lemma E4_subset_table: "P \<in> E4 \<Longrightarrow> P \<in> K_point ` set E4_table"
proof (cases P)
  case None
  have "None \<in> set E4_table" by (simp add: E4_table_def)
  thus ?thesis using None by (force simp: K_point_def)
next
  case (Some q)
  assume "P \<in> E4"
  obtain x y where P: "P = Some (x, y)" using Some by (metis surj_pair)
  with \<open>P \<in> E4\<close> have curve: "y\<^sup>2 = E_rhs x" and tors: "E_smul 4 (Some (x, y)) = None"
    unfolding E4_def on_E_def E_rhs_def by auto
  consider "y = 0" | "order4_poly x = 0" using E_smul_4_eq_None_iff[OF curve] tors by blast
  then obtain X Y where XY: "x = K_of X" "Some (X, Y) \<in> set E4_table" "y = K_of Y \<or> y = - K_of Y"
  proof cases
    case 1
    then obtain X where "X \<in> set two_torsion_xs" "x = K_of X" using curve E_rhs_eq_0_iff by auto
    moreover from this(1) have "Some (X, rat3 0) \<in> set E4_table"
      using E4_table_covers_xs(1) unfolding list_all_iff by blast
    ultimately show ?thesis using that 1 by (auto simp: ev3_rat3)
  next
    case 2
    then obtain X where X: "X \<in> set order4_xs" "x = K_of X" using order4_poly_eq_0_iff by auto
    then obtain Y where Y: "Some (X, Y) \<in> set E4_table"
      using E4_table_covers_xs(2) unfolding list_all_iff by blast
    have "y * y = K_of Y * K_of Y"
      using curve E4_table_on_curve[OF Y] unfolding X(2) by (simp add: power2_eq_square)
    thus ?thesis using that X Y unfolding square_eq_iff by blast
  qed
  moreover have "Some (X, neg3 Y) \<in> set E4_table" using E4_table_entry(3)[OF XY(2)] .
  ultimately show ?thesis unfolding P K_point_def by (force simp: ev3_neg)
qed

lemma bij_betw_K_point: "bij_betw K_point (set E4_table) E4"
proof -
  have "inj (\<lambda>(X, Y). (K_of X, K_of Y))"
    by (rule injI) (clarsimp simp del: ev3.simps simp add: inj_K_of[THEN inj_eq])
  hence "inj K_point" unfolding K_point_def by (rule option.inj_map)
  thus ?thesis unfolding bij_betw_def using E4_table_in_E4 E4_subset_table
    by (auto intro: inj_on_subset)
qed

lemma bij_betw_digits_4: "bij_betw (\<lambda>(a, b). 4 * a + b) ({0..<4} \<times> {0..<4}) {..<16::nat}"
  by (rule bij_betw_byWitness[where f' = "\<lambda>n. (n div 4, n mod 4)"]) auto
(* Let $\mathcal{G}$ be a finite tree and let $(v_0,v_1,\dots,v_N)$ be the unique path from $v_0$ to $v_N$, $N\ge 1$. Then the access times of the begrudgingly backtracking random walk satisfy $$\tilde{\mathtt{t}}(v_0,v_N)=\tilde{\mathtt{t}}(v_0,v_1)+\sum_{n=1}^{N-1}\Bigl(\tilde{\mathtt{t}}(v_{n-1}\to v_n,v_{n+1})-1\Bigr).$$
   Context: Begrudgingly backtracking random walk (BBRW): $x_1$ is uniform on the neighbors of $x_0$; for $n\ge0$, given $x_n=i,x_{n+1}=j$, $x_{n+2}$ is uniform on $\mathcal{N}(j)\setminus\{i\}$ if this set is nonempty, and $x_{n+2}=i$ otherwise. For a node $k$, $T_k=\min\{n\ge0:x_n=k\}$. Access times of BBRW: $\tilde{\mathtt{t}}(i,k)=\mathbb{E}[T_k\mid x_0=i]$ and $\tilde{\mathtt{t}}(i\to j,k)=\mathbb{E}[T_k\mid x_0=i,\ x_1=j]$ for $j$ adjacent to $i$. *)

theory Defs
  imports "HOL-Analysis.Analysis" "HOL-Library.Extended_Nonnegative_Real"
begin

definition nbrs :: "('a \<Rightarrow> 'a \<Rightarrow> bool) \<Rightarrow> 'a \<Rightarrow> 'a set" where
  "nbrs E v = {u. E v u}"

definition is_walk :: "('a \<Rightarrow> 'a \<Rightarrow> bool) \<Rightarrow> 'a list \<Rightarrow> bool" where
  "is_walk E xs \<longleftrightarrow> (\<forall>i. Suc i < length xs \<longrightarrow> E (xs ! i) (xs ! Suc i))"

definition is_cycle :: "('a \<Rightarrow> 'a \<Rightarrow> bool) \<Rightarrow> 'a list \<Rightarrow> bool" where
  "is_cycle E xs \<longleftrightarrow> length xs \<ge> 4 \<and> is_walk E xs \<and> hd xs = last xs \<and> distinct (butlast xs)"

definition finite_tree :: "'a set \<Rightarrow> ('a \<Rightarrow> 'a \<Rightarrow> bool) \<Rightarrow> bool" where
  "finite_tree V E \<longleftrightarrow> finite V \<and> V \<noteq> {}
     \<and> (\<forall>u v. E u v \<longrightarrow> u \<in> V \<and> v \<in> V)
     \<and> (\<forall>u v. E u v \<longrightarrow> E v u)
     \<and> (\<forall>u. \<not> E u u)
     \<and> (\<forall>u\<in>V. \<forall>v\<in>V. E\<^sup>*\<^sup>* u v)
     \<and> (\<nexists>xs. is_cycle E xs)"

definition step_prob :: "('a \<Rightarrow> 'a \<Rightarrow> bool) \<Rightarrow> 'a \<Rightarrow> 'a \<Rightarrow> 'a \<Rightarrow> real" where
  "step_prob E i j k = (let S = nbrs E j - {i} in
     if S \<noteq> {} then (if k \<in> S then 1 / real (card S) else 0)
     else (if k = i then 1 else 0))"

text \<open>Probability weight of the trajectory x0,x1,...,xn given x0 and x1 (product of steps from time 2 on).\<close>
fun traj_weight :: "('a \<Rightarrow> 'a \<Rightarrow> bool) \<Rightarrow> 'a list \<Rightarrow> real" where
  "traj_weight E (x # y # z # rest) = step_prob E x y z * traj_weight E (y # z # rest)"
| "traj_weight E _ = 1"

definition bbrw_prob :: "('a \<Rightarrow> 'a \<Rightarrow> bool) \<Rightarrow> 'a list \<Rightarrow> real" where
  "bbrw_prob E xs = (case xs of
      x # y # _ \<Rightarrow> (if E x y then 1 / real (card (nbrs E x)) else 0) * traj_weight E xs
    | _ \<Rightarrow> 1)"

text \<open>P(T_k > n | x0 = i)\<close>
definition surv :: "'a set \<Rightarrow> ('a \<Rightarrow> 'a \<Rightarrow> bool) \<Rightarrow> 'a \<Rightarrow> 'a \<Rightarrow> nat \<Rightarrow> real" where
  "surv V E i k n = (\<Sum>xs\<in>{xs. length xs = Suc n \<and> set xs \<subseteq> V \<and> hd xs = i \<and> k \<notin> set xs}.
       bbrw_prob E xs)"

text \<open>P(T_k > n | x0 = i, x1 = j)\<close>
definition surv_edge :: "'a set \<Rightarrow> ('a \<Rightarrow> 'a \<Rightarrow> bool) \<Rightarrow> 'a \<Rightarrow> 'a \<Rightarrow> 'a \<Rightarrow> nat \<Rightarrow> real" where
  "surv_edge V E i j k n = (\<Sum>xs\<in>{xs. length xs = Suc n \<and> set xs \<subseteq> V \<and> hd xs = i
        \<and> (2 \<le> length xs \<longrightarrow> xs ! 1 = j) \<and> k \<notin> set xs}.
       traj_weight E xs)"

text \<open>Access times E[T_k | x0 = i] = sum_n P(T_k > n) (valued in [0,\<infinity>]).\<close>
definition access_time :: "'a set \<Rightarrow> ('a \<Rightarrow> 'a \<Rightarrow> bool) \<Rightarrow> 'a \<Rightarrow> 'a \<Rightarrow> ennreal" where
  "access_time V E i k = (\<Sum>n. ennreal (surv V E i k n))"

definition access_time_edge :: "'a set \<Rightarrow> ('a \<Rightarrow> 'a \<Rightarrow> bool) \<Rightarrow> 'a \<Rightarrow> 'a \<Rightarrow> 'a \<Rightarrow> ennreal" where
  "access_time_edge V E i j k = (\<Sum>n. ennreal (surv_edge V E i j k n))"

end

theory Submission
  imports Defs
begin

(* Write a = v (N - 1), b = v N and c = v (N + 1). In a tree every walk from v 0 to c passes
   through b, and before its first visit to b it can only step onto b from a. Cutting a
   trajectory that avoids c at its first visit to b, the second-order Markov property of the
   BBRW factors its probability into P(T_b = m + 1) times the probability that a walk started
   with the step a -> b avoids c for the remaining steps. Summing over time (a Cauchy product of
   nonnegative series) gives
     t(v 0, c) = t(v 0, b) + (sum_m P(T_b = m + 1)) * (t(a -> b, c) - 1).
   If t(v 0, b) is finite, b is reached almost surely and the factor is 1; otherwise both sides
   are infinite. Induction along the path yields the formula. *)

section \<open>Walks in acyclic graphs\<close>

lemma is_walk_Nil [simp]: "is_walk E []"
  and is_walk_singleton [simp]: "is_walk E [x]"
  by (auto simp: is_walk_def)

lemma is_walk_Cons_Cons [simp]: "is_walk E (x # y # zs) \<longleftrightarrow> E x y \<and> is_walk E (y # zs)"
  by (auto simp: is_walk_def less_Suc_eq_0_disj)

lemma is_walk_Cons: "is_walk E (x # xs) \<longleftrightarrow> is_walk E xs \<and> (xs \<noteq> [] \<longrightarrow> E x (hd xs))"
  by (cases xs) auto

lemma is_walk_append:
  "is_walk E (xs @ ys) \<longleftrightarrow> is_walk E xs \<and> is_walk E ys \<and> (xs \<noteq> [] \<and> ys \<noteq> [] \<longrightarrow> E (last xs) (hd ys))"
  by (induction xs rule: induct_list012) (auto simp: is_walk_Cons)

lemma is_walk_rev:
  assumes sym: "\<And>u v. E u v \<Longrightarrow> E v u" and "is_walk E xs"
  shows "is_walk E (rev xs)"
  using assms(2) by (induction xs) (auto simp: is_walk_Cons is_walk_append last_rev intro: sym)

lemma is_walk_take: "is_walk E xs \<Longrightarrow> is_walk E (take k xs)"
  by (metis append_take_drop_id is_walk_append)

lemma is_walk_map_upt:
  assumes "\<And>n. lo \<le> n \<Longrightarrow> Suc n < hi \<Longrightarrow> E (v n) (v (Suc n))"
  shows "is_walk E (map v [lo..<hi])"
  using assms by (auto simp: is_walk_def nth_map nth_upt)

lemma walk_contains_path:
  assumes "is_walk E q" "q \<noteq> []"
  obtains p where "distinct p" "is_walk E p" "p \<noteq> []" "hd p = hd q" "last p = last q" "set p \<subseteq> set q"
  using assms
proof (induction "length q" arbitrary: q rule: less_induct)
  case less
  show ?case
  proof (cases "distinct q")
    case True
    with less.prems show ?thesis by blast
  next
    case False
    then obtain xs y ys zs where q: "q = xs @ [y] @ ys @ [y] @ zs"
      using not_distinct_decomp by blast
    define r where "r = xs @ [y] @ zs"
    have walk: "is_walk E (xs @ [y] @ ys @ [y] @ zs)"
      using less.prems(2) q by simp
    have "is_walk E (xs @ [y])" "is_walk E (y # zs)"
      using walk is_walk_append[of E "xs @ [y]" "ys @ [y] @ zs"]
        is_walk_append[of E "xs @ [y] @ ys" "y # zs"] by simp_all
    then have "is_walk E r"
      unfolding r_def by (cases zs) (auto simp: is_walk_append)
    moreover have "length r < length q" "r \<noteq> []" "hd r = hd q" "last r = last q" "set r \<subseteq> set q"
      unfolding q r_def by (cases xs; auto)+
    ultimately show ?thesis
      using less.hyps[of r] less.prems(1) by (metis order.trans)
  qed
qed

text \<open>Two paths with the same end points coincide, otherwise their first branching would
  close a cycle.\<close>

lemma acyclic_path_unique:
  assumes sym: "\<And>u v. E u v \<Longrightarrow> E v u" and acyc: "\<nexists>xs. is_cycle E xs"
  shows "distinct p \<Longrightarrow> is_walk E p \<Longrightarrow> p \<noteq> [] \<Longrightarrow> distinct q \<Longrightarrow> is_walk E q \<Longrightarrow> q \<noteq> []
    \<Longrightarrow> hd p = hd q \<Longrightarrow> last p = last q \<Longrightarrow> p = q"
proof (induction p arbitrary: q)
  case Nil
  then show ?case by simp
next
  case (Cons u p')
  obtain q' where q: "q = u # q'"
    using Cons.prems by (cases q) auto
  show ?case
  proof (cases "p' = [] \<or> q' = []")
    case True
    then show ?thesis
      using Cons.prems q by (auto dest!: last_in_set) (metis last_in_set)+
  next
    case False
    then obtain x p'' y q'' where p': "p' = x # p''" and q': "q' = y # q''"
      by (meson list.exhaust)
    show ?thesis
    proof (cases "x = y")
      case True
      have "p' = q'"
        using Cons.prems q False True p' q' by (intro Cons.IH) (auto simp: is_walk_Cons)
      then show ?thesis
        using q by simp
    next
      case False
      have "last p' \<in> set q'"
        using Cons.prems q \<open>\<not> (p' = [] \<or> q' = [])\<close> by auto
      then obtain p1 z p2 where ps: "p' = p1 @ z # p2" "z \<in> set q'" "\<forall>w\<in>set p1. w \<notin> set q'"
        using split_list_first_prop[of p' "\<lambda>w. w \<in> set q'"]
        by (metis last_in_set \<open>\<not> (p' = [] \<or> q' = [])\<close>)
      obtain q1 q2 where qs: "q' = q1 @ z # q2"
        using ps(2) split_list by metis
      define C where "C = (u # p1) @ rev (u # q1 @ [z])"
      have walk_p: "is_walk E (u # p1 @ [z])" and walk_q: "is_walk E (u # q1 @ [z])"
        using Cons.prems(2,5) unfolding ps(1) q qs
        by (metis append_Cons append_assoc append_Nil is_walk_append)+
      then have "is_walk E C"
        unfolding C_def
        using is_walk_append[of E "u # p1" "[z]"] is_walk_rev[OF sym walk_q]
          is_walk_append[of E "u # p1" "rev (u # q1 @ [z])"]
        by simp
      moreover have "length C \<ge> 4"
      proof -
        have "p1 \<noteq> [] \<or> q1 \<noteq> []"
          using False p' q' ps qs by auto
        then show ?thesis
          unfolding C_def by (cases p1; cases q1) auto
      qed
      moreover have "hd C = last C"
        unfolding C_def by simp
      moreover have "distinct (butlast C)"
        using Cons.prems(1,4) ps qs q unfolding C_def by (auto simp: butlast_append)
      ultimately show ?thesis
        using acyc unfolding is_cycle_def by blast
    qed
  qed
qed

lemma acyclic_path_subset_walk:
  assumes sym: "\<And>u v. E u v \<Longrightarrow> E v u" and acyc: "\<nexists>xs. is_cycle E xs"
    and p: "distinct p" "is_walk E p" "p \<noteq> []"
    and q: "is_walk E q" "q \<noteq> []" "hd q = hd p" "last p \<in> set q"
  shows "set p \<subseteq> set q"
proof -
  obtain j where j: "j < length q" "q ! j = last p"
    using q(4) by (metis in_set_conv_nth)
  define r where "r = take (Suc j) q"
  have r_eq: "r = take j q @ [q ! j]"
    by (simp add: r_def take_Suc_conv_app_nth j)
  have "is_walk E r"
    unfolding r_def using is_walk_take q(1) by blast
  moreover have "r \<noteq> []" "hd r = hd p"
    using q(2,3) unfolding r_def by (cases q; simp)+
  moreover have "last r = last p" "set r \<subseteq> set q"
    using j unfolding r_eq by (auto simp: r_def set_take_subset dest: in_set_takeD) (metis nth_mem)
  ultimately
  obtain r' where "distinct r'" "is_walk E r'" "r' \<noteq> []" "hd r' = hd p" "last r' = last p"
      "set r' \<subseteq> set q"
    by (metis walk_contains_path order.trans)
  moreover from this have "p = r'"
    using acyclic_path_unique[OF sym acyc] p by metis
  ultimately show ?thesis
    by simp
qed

— EXERCISE PROMPT —
In the listing, find each line with the string "cases" and copy it.

— RESPONSE BOX —
proof (cases P)
  proof cases
  by (cases xs) auto
  proof (cases "distinct q")
      unfolding r_def by (cases zs) (auto simp: is_walk_append)
      unfolding q r_def by (cases xs; auto)+
    using Cons.prems by (cases q) auto
  proof (cases "p' = [] \<or> q' = []")
    proof (cases "x = y")
          unfolding C_def by (cases p1; cases q1) auto
    using q(2,3) unfolding r_def by (cases q; simp)+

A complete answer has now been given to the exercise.